The nuclear magnetic data and characteristic data for compound 2c are as follows:
1 H NMR(400MHz,CDCl 3 )δ7.28–7.12(m,4H),5.38(s,1H),4.95(s,1H),3.92–3.89(m,1H),2.66–2.49(m,2H),2.47–2.42(m,3H),2.38(s,3H),2.34–2.21(m,2H),2.13–1.99(m,2H),1.90–1.820(m,1H);
13 C NMR(101MHz,CDCl 3 )δ198.19,166.28,149.35,141.14,138.91,137.88,128.31,128.21,127.03,123.28,113.16,55.02,37.78,30.30,27.89,25.38,23.62,21.46.
< example 4>
A compound 2d is prepared according to the following reaction scheme:
Figure GDA0003032865240000091
the synthetic procedure for compound 2d was similar to that of example 1, except that compound 1a was replaced with compound 1 d. Compound 2d is a yellow solid in 89% yield with an ee of-91%.

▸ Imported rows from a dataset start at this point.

(* For $\mu=\sum_{i\in I}f_is_if_i$ and $\nu=\sum_{j\in J}g_jt_jg_j$ in $P(G,C(X))$, define $\mu\nu:=\sum_{i\in I}\sum_{j\in J}\big(f_i(s_i\cdot g_j)\big)(s_it_j)\big((s_i\cdot g_j)f_i\big)$. Then $\sum_{(i,j)\in I\times J}\big(f_i(s_i\cdot g_j)\big)^2=1$ as a norm-convergent unordered sum, so $\mu\nu\in P(G,C(X))$ (after discarding zero terms); this multiplication is associative, making $P(G,C(X))$ a semigroup, and $P_f(G,C(X))$ is a subsemigroup.
   Context: $G$ is a countable discrete group acting on a compact Hausdorff space $X$ by homeomorphisms, with $(g\cdot f)(x)=f(g^{-1}x)$ on $C(X)$. A generalized $(G,C(X))$-probability measure is a formal sum $\mu=\sum_{i\in I}f_is_if_i$ with $I$ an index set, $s_i\in G$ (repetitions allowed), $f_i\in C(X)$, $f_i\ge0$, $f_i\ne0$, $\sum_if_i^2=1$ as a norm-convergent unordered sum; $P(G,C(X))$ is the set of these and $P_f(G,C(X))$ the subset with $I$ finite. *)

theory Defs
  imports "HOL-Analysis.Analysis" "HOL-Algebra.Group"
begin

text \<open>Real-valued continuous functions on a compact space X (a type) are modelled by the
  bounded continuous functions (type bcontfun), carrying the sup norm.\<close>

setup_lifting type_definition_bcontfun

lift_definition cmul :: "('x::topological_space \<Rightarrow>\<^sub>C real) \<Rightarrow> ('x \<Rightarrow>\<^sub>C real) \<Rightarrow> ('x \<Rightarrow>\<^sub>C real)"
  is "\<lambda>f g x. f x * g x"
proof -
  fix f g :: "'x \<Rightarrow> real"
  assume f: "f \<in> bcontfun" and g: "g \<in> bcontfun"
  then obtain a b where a: "\<And>x. \<bar>f x\<bar> \<le> a" and b: "\<And>x. \<bar>g x\<bar> \<le> b"
    unfolding bcontfun_def bounded_iff by auto
  have "\<bar>f x * g x\<bar> \<le> a * b" for x
    using a[of x] b[of x] by (simp add: abs_mult mult_mono')
  moreover have "continuous_on UNIV (\<lambda>x. f x * g x)"
    using f g unfolding bcontfun_def by (auto intro: continuous_intros)
  ultimately show "(\<lambda>x. f x * g x) \<in> bcontfun"
    unfolding bcontfun_def bounded_iff by auto
qed

definition cact :: "('g, 'b) monoid_scheme \<Rightarrow> ('g \<Rightarrow> 'x \<Rightarrow> 'x) \<Rightarrow> 'g
    \<Rightarrow> ('x::topological_space \<Rightarrow>\<^sub>C real) \<Rightarrow> ('x \<Rightarrow>\<^sub>C real)" where
  "cact G \<phi> s f = Bcontfun (\<lambda>x. apply_bcontfun f (\<phi> (inv\<^bsub>G\<^esub> s) x))"

text \<open>A formal sum \<open>\<Sum>_{i\<in>I} f_i s_i f_i\<close> is represented by the triple (I, s, f).\<close>
type_synonym ('i, 'g, 'x) fsum = "'i set \<times> ('i \<Rightarrow> 'g) \<times> ('i \<Rightarrow> ('x \<Rightarrow>\<^sub>C real))"

definition gen_prob :: "('g, 'b) monoid_scheme \<Rightarrow> ('i, 'g, 'x::topological_space) fsum \<Rightarrow> bool" where
  "gen_prob G \<mu> = (case \<mu> of (I, s, f) \<Rightarrow>
      (\<forall>i\<in>I. s i \<in> carrier G) \<and>
      (\<forall>i\<in>I. \<forall>x. 0 \<le> apply_bcontfun (f i) x) \<and>
      (\<forall>i\<in>I. f i \<noteq> 0) \<and>
      ((\<lambda>i. cmul (f i) (f i)) has_sum const_bcontfun 1) I)"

The nuclear magnetic data and characteristic data for compound 2d are as follows:
1 H NMR(400MHz,CDCl 3 )δ7.60–7.58(m,3H),7.54–7.52(m,1H),7.48–7.34(m,5H),5.45(d,J=0.5Hz,1H),5.01(s,1H),3.97–3.93(m,1H),2.65–2.52(m,2H),2.48–2.36(m,3H),2.36–2.27(m,2H),2.12–1.98(m,2H),1.94–1.86(m,1H);
13 C NMR(101MHz,CDCl 3 )δ198.13,166.06,149.22,141.63,141.35,140.94,139.02,128.77,128.75,127.38,127.07,126.41,125.20,125.14,113.74,55.14,37.77,30.23,27.95,25.40,23.61.
< example 5>
A compound 2e is prepared according to the following reaction scheme:
Figure GDA0003032865240000092
the synthetic procedure for compound 2e was similar to that of example 1, except that compound 1a was replaced with compound 1 e. Compound 2e was a yellow oil in 90% yield and-90% ee.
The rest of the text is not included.